Altogen Labs validated Gastric Cancer Xenograft animal models:
Xenotransplantation studies have been a backbone of oncology research for four decades, and provide an effective research and evaluation environment for novel pharmaceutical compounds. Typically, these studies involve the implantation of tumorigenic human cell lines into immunocompromised mice, providing scientists with an in vivo model of tumor behavior in which to perform experiments including screening of novel cancer therapies, studies of cell behavior, and examination of metastasis. Patient-derived xenografts are a fundamental part of in vivo pharmacological research, aiding in the translation from benchtop to bedside.

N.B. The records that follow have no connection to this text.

definition nat_iso :: "('o,'m,'x) scat_scheme \<Rightarrow> ('p,'n,'y) scat_scheme \<Rightarrow>
    ('o \<Rightarrow> 'p) \<Rightarrow> ('m \<Rightarrow> 'n) \<Rightarrow> ('o \<Rightarrow> 'p) \<Rightarrow> ('m \<Rightarrow> 'n) \<Rightarrow> ('o \<Rightarrow> 'n) \<Rightarrow> bool" where
  "nat_iso C D Fo Fa Go Ga \<eta> \<longleftrightarrow>
     (\<forall>X\<in>Ob C. \<eta> X \<in> hom D (Fo X) (Go X) \<and> iso D (\<eta> X)) \<and>
     (\<forall>f\<in>Ar C. cmp D (\<eta> (cd C f)) (Fa f) = cmp D (Ga f) (\<eta> (dm C f)))"

definition is_equivalence :: "('o,'m,'x) scat_scheme \<Rightarrow> ('p,'n,'y) scat_scheme \<Rightarrow>
    ('o \<Rightarrow> 'p) \<Rightarrow> ('m \<Rightarrow> 'n) \<Rightarrow> bool" where
  "is_equivalence C D Fo Fa \<longleftrightarrow> is_functor C D Fo Fa \<and>
     (\<exists>Go Ga \<eta> \<epsilon>. is_functor D C Go Ga \<and>
        nat_iso C C id id (Go \<circ> Fo) (Ga \<circ> Fa) \<eta> \<and>
        nat_iso D D (Fo \<circ> Go) (Fa \<circ> Ga) id id \<epsilon>)"

text \<open>A semigroupal endofunctor: object map, morphism map, and structure isomorphisms
 J X Y : F X \<otimes> F Y \<rightarrow> F (X \<otimes> Y).\<close>

type_synonym ('o,'m) sgfun = "('o \<Rightarrow> 'o) \<times> ('m \<Rightarrow> 'm) \<times> ('o \<Rightarrow> 'o \<Rightarrow> 'm)"

definition fo :: "('o,'m) sgfun \<Rightarrow> 'o \<Rightarrow> 'o" where "fo F = fst F"
definition fa :: "('o,'m) sgfun \<Rightarrow> 'm \<Rightarrow> 'm" where "fa F = fst (snd F)"
definition fj :: "('o,'m) sgfun \<Rightarrow> 'o \<Rightarrow> 'o \<Rightarrow> 'm" where "fj F = snd (snd F)"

Stomach cancer, or gastric cancer, often develops in the stomach lining. Symptoms include weight loss, difficulty swallowing, bloody stools, nausea, vomiting, yellowing of the skin and whites of eyes, heartburn and weight loss. The most common cause of gastric cancer is infection by Helicobacter pylori, but other risk factors include smoking, diet and inherited genetic risk factors (CDH1 mutation). Diagnosis often involves a CT scan or gastroscopic exam, although there was a 2013 study where a breathalyzer exam was successful in gastric cancer diagnosis. There are several types of stomach cancer including adenocarcinomas (most common), lymphomas, gastrointestinal stromal tumors (GIST), carcinoid and mesenchymal tumors. Diffuse adenocarcinomas, or linitis plastica, are not cohesive tumor cells and secret mucus delivered in the interstitum and are poorly differentiated. Intestinal adenocarcinomas have irregular tubular structures and often invade the gastric wall. Carcinoid tumors start in the hormone-producing stomach cells and are generally slow growth with a low metastasis rate. GIST for from interstitial cells of Cajal, which signal the digestive tract muscles to contract. There are five layers that make up the stomach starting with the innermost mucosa, then submucosa, muscularis propria, subserosa and serosa; many adenocarcinomas are classified based on which layers have been affected or invaded by the tumor. Testing for carcinoembryonic antigen (CEA) and carbohydrate antigen (CA), well-known tumor markers, can help determine the extent of staging and metastasis. Treatment includes endoscopic mucosal resection (EMR), endoscopic submucosal dissection (ESD), chemotherapy (fluorouracil, carmustine, doxorubicin, cisplatin, taxotere, etc.), targeted therapy (e.g. as with HER2 targeting by trastuzumab) and radiotherapy.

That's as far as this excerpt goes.